» TO DO
Pull each line with the string "thesis" from the entries.

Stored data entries

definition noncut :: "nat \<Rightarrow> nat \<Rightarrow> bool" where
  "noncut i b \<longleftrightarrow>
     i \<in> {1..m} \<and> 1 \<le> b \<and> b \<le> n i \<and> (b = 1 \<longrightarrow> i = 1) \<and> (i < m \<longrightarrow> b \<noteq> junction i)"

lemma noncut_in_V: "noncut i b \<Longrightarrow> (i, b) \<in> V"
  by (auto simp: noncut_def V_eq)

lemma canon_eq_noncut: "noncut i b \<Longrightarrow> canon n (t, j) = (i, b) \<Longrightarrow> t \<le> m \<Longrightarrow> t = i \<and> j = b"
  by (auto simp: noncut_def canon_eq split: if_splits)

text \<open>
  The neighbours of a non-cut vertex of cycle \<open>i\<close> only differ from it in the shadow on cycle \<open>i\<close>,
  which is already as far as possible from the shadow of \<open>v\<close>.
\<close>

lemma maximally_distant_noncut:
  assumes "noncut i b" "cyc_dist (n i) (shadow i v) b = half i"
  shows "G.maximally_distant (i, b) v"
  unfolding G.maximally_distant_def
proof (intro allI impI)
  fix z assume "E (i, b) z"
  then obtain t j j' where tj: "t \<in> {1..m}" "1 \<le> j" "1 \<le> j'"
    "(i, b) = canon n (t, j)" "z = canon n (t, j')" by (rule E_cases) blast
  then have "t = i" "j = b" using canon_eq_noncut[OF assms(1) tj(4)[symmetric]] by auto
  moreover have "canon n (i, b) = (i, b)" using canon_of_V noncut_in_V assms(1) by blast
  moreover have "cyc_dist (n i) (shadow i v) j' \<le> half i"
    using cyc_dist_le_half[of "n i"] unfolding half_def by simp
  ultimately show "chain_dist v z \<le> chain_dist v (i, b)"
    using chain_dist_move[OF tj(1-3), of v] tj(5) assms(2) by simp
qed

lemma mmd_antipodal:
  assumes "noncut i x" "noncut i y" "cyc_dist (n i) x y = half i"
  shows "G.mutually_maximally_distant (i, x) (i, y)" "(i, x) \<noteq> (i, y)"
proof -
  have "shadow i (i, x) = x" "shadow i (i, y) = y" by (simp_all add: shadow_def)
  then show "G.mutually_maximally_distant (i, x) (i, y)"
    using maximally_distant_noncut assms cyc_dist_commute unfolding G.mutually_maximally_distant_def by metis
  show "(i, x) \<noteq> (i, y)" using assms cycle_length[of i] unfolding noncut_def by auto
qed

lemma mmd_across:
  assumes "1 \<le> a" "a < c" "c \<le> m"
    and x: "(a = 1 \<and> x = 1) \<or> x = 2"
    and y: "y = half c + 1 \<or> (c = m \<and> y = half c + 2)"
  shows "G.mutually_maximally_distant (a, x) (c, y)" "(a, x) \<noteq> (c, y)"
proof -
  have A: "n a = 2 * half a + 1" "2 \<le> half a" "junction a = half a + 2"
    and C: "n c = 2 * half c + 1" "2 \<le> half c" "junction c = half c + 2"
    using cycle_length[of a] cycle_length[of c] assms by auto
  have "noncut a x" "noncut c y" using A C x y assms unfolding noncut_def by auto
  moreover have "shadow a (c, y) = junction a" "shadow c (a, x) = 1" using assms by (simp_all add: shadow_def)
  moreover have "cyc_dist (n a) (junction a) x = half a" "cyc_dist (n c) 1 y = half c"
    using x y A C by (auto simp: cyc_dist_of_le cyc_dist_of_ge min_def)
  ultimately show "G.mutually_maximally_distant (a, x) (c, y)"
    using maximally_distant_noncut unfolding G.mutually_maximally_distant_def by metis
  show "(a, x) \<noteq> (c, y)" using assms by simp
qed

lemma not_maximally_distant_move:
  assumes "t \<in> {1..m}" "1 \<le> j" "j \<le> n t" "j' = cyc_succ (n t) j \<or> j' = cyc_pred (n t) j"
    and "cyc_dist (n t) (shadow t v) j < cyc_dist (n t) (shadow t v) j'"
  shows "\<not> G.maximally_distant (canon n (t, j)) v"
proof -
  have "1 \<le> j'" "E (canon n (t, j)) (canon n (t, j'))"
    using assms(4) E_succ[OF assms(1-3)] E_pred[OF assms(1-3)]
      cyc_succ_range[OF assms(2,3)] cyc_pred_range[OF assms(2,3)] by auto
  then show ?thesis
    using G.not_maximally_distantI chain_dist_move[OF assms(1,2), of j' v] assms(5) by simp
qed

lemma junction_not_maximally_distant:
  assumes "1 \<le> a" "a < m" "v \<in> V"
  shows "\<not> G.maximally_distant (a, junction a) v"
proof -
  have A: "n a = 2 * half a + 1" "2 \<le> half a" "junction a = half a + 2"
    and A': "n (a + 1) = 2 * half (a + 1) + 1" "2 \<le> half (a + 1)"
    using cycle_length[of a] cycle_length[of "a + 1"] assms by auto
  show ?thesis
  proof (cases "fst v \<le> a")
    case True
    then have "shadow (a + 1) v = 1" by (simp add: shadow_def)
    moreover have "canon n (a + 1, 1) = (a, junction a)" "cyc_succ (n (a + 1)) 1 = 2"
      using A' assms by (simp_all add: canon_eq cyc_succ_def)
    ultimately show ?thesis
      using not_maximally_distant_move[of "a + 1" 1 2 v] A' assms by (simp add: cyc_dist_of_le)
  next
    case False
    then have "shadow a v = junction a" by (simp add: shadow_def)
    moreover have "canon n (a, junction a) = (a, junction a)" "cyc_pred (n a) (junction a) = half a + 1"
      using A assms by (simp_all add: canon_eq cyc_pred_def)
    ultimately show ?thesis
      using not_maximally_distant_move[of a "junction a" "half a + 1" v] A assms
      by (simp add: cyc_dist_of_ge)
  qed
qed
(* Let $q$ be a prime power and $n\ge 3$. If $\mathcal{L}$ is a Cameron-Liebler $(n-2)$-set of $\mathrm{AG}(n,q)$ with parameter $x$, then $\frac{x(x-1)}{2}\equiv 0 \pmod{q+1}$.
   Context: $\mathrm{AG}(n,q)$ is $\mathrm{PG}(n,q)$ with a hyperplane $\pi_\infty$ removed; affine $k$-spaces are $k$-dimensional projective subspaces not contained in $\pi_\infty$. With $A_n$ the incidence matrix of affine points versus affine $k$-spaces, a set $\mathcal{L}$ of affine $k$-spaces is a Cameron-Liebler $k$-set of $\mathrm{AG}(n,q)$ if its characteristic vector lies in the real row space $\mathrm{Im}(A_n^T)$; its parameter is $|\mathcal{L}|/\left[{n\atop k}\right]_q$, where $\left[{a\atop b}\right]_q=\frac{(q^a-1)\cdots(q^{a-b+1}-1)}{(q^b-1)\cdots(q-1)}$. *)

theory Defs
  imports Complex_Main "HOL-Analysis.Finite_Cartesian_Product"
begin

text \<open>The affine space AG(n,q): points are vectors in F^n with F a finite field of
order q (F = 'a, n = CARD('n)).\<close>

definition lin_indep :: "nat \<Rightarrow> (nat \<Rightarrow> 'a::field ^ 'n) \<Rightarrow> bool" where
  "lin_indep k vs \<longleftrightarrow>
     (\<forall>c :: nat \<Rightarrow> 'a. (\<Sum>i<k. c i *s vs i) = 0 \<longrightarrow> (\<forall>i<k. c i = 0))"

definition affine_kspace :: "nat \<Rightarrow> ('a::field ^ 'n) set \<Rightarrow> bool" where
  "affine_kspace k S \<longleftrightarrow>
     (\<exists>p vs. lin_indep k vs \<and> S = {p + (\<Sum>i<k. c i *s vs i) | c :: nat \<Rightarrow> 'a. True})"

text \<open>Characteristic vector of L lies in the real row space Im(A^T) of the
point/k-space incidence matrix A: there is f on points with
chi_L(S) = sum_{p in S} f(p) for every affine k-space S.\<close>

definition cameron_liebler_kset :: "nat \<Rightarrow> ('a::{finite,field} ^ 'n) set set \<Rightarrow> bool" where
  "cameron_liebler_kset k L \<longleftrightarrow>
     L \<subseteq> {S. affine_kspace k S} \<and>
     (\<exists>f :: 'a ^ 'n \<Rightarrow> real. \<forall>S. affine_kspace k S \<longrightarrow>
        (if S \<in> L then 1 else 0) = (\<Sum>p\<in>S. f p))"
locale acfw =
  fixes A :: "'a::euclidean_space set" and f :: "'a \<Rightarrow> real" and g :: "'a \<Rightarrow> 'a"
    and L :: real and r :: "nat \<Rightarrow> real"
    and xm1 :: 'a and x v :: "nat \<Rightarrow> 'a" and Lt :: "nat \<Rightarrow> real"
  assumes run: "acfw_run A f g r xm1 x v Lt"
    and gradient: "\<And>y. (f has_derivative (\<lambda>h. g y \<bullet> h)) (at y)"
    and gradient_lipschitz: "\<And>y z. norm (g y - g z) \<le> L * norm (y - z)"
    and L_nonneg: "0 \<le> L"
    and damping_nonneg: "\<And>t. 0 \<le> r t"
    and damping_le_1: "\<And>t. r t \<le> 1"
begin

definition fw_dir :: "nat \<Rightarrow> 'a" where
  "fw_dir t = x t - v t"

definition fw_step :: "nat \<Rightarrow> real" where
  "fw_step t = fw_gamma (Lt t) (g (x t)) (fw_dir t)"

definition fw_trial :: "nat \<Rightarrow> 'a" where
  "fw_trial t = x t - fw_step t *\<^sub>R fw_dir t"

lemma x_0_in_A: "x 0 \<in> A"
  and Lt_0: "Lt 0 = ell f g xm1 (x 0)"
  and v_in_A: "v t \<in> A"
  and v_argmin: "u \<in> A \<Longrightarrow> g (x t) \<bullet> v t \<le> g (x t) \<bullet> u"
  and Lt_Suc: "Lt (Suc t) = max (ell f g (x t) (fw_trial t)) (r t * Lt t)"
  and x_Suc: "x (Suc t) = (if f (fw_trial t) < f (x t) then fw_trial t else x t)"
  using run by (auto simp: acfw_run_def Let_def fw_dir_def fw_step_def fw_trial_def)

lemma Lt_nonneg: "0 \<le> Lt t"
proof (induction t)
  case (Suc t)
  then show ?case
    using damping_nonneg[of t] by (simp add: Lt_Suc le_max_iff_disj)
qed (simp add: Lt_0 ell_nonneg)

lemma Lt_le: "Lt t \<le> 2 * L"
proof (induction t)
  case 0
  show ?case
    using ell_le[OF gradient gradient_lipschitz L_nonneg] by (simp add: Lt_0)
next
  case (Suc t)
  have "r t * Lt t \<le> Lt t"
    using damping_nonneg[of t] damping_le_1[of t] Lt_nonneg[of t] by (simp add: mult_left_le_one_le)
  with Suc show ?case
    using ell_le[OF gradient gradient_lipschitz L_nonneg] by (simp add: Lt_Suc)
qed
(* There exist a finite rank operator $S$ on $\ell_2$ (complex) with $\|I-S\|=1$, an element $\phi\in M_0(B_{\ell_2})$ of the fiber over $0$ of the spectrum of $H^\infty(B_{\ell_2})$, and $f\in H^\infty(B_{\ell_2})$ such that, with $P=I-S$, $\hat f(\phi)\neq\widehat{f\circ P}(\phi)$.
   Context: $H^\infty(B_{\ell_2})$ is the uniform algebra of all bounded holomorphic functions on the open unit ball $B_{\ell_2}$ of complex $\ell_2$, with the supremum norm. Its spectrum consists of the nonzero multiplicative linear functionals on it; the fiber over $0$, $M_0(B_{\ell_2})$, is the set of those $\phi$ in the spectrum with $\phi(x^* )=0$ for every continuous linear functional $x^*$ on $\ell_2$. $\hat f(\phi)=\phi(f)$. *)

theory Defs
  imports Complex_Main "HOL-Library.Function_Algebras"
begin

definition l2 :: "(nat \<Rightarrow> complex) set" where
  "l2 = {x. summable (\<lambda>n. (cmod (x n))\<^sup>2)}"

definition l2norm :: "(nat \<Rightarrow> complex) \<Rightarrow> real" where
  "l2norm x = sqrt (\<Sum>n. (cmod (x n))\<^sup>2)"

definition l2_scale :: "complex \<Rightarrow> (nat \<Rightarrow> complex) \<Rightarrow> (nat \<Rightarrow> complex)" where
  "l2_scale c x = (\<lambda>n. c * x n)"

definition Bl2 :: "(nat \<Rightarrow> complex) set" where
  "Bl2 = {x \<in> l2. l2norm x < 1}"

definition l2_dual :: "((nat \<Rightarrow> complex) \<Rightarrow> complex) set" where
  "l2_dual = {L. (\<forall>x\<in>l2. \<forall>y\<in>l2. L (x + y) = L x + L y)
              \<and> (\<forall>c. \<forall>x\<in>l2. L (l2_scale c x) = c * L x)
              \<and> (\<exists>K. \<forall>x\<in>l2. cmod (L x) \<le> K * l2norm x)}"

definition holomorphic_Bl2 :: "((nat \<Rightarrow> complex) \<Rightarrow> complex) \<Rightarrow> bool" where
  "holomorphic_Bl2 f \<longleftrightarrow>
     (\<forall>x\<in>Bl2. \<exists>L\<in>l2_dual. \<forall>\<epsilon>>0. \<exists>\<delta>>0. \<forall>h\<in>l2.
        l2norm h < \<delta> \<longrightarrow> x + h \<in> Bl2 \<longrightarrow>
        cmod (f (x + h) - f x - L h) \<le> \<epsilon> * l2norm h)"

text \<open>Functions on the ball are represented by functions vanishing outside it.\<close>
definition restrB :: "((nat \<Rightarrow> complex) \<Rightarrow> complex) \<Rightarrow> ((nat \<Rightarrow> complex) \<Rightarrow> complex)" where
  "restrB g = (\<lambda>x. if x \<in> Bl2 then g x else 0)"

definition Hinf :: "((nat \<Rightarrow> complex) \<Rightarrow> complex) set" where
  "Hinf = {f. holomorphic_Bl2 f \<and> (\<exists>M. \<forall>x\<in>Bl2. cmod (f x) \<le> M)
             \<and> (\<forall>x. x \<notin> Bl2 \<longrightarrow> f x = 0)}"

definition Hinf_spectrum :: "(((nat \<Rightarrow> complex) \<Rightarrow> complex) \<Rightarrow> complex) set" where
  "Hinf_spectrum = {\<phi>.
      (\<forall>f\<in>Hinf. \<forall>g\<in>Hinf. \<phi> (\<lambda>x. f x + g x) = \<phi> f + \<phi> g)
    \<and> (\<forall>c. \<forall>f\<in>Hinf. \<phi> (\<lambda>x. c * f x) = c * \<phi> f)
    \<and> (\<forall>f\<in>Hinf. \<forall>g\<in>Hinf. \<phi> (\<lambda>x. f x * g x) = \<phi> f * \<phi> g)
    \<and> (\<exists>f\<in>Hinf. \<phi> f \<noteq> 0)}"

---

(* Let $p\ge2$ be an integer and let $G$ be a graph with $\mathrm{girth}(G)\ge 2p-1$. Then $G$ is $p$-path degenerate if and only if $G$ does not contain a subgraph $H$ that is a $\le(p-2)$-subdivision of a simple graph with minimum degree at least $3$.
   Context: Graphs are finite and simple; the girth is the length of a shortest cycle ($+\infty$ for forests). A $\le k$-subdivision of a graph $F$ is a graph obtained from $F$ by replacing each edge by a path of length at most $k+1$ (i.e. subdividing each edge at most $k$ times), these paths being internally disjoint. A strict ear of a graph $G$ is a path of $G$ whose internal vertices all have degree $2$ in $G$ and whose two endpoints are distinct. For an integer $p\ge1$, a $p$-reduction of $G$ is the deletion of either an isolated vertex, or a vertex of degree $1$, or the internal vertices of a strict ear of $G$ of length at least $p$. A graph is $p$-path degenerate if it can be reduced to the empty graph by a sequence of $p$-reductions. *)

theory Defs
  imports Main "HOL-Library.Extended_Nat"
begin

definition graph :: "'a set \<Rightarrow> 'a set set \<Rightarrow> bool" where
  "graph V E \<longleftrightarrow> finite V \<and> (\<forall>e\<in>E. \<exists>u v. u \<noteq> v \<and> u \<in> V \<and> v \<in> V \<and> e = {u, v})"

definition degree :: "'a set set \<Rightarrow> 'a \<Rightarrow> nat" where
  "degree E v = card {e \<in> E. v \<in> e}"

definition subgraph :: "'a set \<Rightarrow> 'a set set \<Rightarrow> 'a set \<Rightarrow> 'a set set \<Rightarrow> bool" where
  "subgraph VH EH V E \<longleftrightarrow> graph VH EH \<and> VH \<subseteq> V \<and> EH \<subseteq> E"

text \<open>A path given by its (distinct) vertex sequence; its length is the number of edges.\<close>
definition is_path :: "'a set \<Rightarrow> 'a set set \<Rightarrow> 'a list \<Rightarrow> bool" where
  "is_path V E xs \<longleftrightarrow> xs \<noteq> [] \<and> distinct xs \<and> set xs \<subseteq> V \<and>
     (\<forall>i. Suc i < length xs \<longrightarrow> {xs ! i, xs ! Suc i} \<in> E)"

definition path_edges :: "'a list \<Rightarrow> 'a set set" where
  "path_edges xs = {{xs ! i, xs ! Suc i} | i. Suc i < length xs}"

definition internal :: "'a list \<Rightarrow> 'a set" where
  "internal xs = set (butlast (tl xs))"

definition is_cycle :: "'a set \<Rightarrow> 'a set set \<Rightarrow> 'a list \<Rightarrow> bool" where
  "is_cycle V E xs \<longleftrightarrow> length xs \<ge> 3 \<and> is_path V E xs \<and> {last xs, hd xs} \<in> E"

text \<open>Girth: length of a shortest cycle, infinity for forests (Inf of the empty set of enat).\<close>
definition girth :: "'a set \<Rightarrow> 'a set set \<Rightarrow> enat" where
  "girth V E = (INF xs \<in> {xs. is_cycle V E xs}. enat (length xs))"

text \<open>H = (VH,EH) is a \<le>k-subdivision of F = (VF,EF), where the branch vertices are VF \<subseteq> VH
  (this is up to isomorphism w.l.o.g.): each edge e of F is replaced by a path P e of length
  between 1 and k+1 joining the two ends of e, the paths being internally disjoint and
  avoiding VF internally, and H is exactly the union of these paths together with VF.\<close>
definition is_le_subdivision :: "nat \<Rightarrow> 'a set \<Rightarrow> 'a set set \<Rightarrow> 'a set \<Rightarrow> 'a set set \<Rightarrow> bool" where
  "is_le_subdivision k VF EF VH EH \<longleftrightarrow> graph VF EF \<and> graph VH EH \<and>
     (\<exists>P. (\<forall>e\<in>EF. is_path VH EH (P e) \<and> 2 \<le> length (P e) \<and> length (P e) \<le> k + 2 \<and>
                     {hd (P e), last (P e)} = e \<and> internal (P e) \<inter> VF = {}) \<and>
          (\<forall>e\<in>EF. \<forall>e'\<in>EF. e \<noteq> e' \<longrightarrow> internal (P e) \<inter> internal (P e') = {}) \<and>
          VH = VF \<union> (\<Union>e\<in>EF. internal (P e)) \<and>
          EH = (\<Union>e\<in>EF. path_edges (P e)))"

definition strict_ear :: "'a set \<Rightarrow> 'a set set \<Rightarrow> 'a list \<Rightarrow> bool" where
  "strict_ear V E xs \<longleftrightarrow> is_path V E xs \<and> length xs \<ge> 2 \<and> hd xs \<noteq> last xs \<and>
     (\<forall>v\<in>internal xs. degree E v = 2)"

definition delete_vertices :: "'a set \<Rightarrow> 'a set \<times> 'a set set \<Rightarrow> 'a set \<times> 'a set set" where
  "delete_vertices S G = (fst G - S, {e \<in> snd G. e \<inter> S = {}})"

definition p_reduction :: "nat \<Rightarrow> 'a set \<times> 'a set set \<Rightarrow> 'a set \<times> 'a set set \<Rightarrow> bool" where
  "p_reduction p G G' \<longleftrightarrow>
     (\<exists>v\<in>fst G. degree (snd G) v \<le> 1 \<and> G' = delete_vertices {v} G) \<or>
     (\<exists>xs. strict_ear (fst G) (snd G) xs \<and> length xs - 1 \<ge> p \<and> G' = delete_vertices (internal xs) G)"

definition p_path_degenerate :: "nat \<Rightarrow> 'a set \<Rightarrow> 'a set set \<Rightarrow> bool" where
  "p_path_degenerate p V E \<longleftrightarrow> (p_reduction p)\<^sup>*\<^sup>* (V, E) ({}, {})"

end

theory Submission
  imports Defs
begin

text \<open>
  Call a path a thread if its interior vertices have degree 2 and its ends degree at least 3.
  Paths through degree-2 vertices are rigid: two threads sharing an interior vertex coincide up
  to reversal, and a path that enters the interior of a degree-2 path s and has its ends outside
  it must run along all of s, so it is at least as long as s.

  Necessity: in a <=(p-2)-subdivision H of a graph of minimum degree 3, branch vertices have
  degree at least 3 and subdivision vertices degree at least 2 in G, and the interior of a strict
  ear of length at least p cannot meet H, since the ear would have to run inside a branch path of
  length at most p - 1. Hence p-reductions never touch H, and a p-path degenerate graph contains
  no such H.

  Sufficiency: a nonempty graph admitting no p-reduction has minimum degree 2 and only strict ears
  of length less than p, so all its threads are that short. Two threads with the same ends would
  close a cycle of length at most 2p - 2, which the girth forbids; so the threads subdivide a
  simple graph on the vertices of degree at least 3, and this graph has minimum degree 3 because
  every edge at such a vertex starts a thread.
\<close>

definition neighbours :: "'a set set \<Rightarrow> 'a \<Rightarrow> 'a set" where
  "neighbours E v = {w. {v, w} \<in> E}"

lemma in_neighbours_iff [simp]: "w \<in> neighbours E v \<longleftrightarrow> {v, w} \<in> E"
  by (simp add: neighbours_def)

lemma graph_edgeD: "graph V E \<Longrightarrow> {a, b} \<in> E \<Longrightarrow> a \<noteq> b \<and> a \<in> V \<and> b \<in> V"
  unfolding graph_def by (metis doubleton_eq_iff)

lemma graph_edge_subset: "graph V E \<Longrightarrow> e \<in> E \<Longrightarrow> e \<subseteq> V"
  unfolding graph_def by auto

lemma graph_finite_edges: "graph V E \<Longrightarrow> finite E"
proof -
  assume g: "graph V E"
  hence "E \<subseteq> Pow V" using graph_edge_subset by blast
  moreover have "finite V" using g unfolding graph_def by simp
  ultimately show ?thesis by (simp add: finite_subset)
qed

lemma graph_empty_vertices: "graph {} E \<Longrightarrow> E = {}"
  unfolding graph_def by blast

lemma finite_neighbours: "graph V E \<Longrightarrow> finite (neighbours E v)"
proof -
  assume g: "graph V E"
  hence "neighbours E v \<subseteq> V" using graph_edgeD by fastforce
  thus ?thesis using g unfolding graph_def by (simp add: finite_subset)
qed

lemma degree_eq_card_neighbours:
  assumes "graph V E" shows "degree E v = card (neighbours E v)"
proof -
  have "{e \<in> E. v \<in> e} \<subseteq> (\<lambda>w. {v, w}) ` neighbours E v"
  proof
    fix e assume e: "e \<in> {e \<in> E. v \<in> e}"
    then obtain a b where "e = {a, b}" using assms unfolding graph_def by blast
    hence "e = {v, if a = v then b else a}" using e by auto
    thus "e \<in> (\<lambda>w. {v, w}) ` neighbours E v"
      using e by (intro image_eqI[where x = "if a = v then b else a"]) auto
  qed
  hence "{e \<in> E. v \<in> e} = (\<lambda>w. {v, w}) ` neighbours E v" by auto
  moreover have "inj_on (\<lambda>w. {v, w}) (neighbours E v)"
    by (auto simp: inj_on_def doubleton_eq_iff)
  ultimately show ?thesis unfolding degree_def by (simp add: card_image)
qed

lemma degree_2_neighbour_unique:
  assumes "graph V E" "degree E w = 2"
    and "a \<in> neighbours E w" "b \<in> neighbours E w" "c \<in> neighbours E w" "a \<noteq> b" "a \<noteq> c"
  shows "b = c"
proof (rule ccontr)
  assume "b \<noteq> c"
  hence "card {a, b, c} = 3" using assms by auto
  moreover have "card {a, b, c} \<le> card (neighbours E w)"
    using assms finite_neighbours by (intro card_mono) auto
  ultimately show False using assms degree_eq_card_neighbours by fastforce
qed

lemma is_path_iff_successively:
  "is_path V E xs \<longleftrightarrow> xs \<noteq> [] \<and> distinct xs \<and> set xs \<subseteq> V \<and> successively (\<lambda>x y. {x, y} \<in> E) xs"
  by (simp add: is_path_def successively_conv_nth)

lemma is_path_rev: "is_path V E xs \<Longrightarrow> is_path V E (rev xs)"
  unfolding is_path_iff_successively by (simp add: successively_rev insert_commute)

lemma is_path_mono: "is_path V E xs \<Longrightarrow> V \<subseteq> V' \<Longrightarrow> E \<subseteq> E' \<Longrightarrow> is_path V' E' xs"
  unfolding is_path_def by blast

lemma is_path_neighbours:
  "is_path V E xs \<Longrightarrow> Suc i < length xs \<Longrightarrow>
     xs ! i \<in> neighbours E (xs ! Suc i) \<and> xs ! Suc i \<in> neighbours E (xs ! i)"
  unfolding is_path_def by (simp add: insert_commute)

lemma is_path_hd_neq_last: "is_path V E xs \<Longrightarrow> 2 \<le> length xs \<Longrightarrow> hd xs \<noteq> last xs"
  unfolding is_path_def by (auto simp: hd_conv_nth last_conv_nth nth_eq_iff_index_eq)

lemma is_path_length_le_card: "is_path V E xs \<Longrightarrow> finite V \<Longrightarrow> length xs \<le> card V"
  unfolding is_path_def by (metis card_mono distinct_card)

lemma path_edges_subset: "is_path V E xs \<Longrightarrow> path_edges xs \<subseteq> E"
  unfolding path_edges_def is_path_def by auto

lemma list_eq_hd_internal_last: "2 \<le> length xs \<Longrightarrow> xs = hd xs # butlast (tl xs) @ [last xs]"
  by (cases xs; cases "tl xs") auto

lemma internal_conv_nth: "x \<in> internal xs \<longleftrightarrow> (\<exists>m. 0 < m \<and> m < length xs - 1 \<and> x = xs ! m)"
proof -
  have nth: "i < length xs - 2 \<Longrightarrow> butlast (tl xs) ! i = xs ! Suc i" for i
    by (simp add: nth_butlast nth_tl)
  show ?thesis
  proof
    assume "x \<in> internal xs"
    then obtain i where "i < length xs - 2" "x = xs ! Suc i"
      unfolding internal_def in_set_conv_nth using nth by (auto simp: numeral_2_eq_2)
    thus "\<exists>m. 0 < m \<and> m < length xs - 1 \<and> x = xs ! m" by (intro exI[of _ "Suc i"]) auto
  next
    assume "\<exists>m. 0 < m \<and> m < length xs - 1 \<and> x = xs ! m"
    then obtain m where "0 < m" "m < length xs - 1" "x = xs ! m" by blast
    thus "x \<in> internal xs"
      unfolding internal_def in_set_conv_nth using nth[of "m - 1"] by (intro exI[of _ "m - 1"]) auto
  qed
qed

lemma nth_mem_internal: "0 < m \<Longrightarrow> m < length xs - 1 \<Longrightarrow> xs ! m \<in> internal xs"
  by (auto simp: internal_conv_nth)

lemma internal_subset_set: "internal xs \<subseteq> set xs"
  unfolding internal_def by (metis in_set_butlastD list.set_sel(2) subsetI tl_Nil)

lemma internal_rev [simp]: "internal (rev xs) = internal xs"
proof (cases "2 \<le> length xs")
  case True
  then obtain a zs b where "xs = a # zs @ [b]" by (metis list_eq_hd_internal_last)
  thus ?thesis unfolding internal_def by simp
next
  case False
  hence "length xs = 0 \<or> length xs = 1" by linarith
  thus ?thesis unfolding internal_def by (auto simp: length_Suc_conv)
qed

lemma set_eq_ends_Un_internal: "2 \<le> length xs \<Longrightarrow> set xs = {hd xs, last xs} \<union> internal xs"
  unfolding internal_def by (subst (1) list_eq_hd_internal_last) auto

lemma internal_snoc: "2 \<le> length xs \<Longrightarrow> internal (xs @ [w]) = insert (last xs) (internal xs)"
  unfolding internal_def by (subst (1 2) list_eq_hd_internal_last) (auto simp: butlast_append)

» TASK ANSWER
  then show ?thesis
  show ?thesis
    ultimately show ?thesis
    ultimately show ?thesis
  ultimately show ?thesis by (simp add: finite_subset)
  thus ?thesis using g unfolding graph_def by (simp add: finite_subset)
  ultimately show ?thesis unfolding degree_def by (simp add: card_image)
  show ?thesis
  thus ?thesis unfolding internal_def by simp
  thus ?thesis unfolding internal_def by (auto simp: length_Suc_conv)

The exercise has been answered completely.